*DATASET RECORDS*
--- --- ---

lemma card_non_attacked_new_column:
  assumes Q: "rook_placement (rook_board n) Q"
  shows "card {x \<in> (\<lambda>d. (Suc n, Inr d)) ` {1..n}. non_attacked Q x} + card {x \<in> Q. lower_cell x} = n"
proof -
  let ?lower = "{x \<in> Q. lower_cell x}"
  let ?D = "{d. Inr d \<in> snd ` Q}"
  have D: "?D \<subseteq> {1..n}"
    using Q by (auto simp: rook_placement_def rook_board_def)
  have "inj_on (\<lambda>x. projr (snd x)) ?lower"
  proof (rule inj_onI)
    fix x y assume "x \<in> ?lower" "y \<in> ?lower" "projr (snd x) = projr (snd y)"
    then have "x \<in> Q" "y \<in> Q" "snd x = snd y" by (auto simp: lower_cell_def intro: sum.expand)
    with Q show "x = y" by (auto simp: rook_placement_def dest: inj_onD)
  qed
  moreover have "?D = (\<lambda>x. projr (snd x)) ` ?lower"
    by (force simp: lower_cell_def image_iff)
  ultimately have card_D: "card ?D = card ?lower" by (simp add: card_image)
  have "fst y \<noteq> Suc n" if "y \<in> Q" for y
    using Q that by (auto simp: rook_placement_def rook_board_def)
  then have "{x \<in> (\<lambda>d. (Suc n, Inr d)) ` {1..n}. non_attacked Q x} = (\<lambda>d. (Suc n, Inr d)) ` ({1..n} - ?D)"
    by (fastforce simp: non_attacked_def image_iff)
  then have "card {x \<in> (\<lambda>d. (Suc n, Inr d)) ` {1..n}. non_attacked Q x} = card ({1..n} - ?D)"
    by (simp add: card_image inj_on_def)
  also have "\<dots> = n - card ?lower"
    using D card_D by (simp add: card_Diff_subset finite_subset)
  finally show ?thesis
    using D card_D card_mono[OF _ D] by simp
qed

lemma card_non_attacked_new_row:
  assumes Q: "rook_placement (rook_board n \<union> (\<lambda>d. (Suc n, Inr d)) ` {1..n}) Q"
  shows "card {x \<in> (\<lambda>i. (i, Inl (Suc n))) ` {1..Suc n}. non_attacked Q x} + card Q = Suc n"
proof -
  have cols: "fst ` Q \<subseteq> {1..Suc n}" and "card (fst ` Q) = card Q"
    using Q by (auto simp: rook_placement_def rook_board_def card_image)
  have "snd y \<noteq> Inl (Suc n)" if "y \<in> Q" for y
    using Q that by (auto simp: rook_placement_def rook_board_def)
  then have "{x \<in> (\<lambda>i. (i, Inl (Suc n))) ` {1..Suc n}. non_attacked Q x} =
      (\<lambda>i. (i, Inl (Suc n))) ` ({1..Suc n} - fst ` Q)"
    by (fastforce simp: non_attacked_def image_iff)
  then have "card {x \<in> (\<lambda>i. (i, Inl (Suc n))) ` {1..Suc n}. non_attacked Q x} = card ({1..Suc n} - fst ` Q)"
    by (simp add: card_image inj_on_def)
  also have "\<dots> = Suc n - card Q"
    using cols \<open>card (fst ` Q) = card Q\<close> by (simp add: card_Diff_subset finite_subset)
  finally show ?thesis
    using cols \<open>card (fst ` Q) = card Q\<close> card_mono[OF _ cols] by simp
qed

lemma A_S_Suc:
  "A_S (Suc n) k p = A_S n k p + (int (Suc n) - k + 1) * A_S n (k - 1) p
     + (int (Suc n) - p) * A_S n (k - 1) (p - 1)
     + (int (Suc n) - p) * (int (Suc n) - k + 1) * A_S n (k - 2) (p - 1)"
proof -
  let ?K = "rook_board n" and ?C = "(\<lambda>d. (Suc n, Inr d)) ` {1..n}"
    and ?R = "(\<lambda>i. (i, Inl (Suc n))) ` {1..Suc n}"
  have finite_K: "finite ?K"
    by (rule finite_subset[of _ "{0..n} \<times> (Inl ` {0..n} \<union> Inr ` {0..n})"])
       (auto simp: rook_board_def)
  have column: "rook_count (?K \<union> ?C) lower_cell k p =
      rook_count ?K lower_cell k p + (int (Suc n) - p) * rook_count ?K lower_cell (k - 1) (p - 1)" for k p
  proof -
    have "rook_count (?K \<union> ?C) lower_cell k p =
        rook_count ?K lower_cell k p + (int (Suc n) - p) * rook_count ?K lower_cell (k - 1) (p - of_bool True)"
    proof (rule rook_count_Un_line[OF finite_K])
      fix Q assume "rook_placement ?K Q" "int (card {x \<in> Q. lower_cell x}) = p - of_bool True"
      then show "int (card {x \<in> ?C. non_attacked Q x}) = int (Suc n) - p"
        using card_non_attacked_new_column[of n Q] by (simp add: of_nat_add[symmetric] del: of_nat_add)
    qed (auto simp: rook_board_def mutually_attacking_def lower_cell_def)
    then show ?thesis by simp
  qed
  have row: "rook_count (?K \<union> ?C \<union> ?R) lower_cell k p =
      rook_count (?K \<union> ?C) lower_cell k p
        + (int (Suc n) - k + 1) * rook_count (?K \<union> ?C) lower_cell (k - 1) p" for k p
  proof -
    have "rook_count (?K \<union> ?C \<union> ?R) lower_cell k p =
        rook_count (?K \<union> ?C) lower_cell k p
          + (int (Suc n) - k + 1) * rook_count (?K \<union> ?C) lower_cell (k - 1) (p - of_bool False)"
    proof (rule rook_count_Un_line)
      fix Q assume "rook_placement (?K \<union> ?C) Q" "int (card Q) = k - 1"
      then show "int (card {x \<in> ?R. non_attacked Q x}) = int (Suc n) - k + 1"
        using card_non_attacked_new_row[of n Q] by (simp add: of_nat_add[symmetric] del: of_nat_add)
    qed (use finite_K in \<open>auto simp: rook_board_def mutually_attacking_def lower_cell_def\<close>)
    then show ?thesis by simp
  qed
  show ?thesis
    unfolding A_S_eq_rook_count rook_board_Suc row column by (simp add: algebra_simps)
qed

section \<open>The closed form\<close>

definition Stirling_int :: "nat \<Rightarrow> int \<Rightarrow> int" where
  "Stirling_int n r = (if r < 0 then 0 else int (Stirling n (nat r)))"

lemma Stirling2_ext_of_nat: "Stirling2_ext (int n) r = Stirling_int n r"
  by (cases "n = 0") (auto simp: Stirling2_ext_def Stirling_int_def)

lemma Stirling2_ext_Suc_of_nat: "Stirling2_ext (int m + 1) r = Stirling_int (Suc m) r"
  using Stirling2_ext_of_nat[of "Suc m" r] by (simp add: add.commute)

lemma Stirling_int_Suc: "Stirling_int (Suc n) r = Stirling_int n (r - 1) + r * Stirling_int n r"
proof (cases "r \<le> 0")
  case True
  then show ?thesis by (cases "r = 0") (auto simp: Stirling_int_def)
next
  case False
  define s where "s = nat (r - 1)"
  with False have "nat r = Suc s" "nat (r - 1) = s" "r = int (Suc s)" by auto
  then show ?thesis by (simp add: Stirling_int_def algebra_simps)
qed

lemma Stirling_int_eq_0: "r < 0 \<or> int n < r \<Longrightarrow> Stirling_int n r = 0"
  by (auto simp: Stirling_int_def)

lemma Stirling_int_same [simp]: "Stirling_int n (int n) = 1"
  by (simp add: Stirling_int_def)

lemma ffact_int_0 [simp]: "ffact_int x 0 = 1"
  by (simp add: ffact_int_def)

lemma ffact_int_Suc: "ffact_int x (Suc j) = ffact_int x j * (x - int j)"
  by (simp add: ffact_int_def)

lemma ffact_int_Suc_shift: "ffact_int x (Suc j) = x * ffact_int (x - 1) j"
  unfolding ffact_int_def prod.lessThan_Suc_shift by (simp add: algebra_simps)

lemma Suc_times_binomial_eq_diff:
  "int (Suc k) * int (n choose Suc k) = (int n - int k) * int (n choose k)"
proof (cases "k \<le> n")
  case True
  have "Suc k * (n choose Suc k) = (n - k) * (n choose k)"
    by (simp only: binomial_absorption binomial_absorb_comp)
  with True show ?thesis by (metis of_nat_diff of_nat_mult)
next
  case False
  then show ?thesis by (simp add: binomial_eq_0)
qed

--- --- ---

*REQUIRED WORK*
Pull out all lines in the data above that include "open".

*WRITTEN RESPONSE*
    using cols \<open>card (fst ` Q) = card Q\<close> by (simp add: card_Diff_subset finite_subset)
    using cols \<open>card (fst ` Q) = card Q\<close> card_mono[OF _ cols] by simp
    qed (use finite_K in \<open>auto simp: rook_board_def mutually_attacking_def lower_cell_def\<close>)
section \<open>The closed form\<close>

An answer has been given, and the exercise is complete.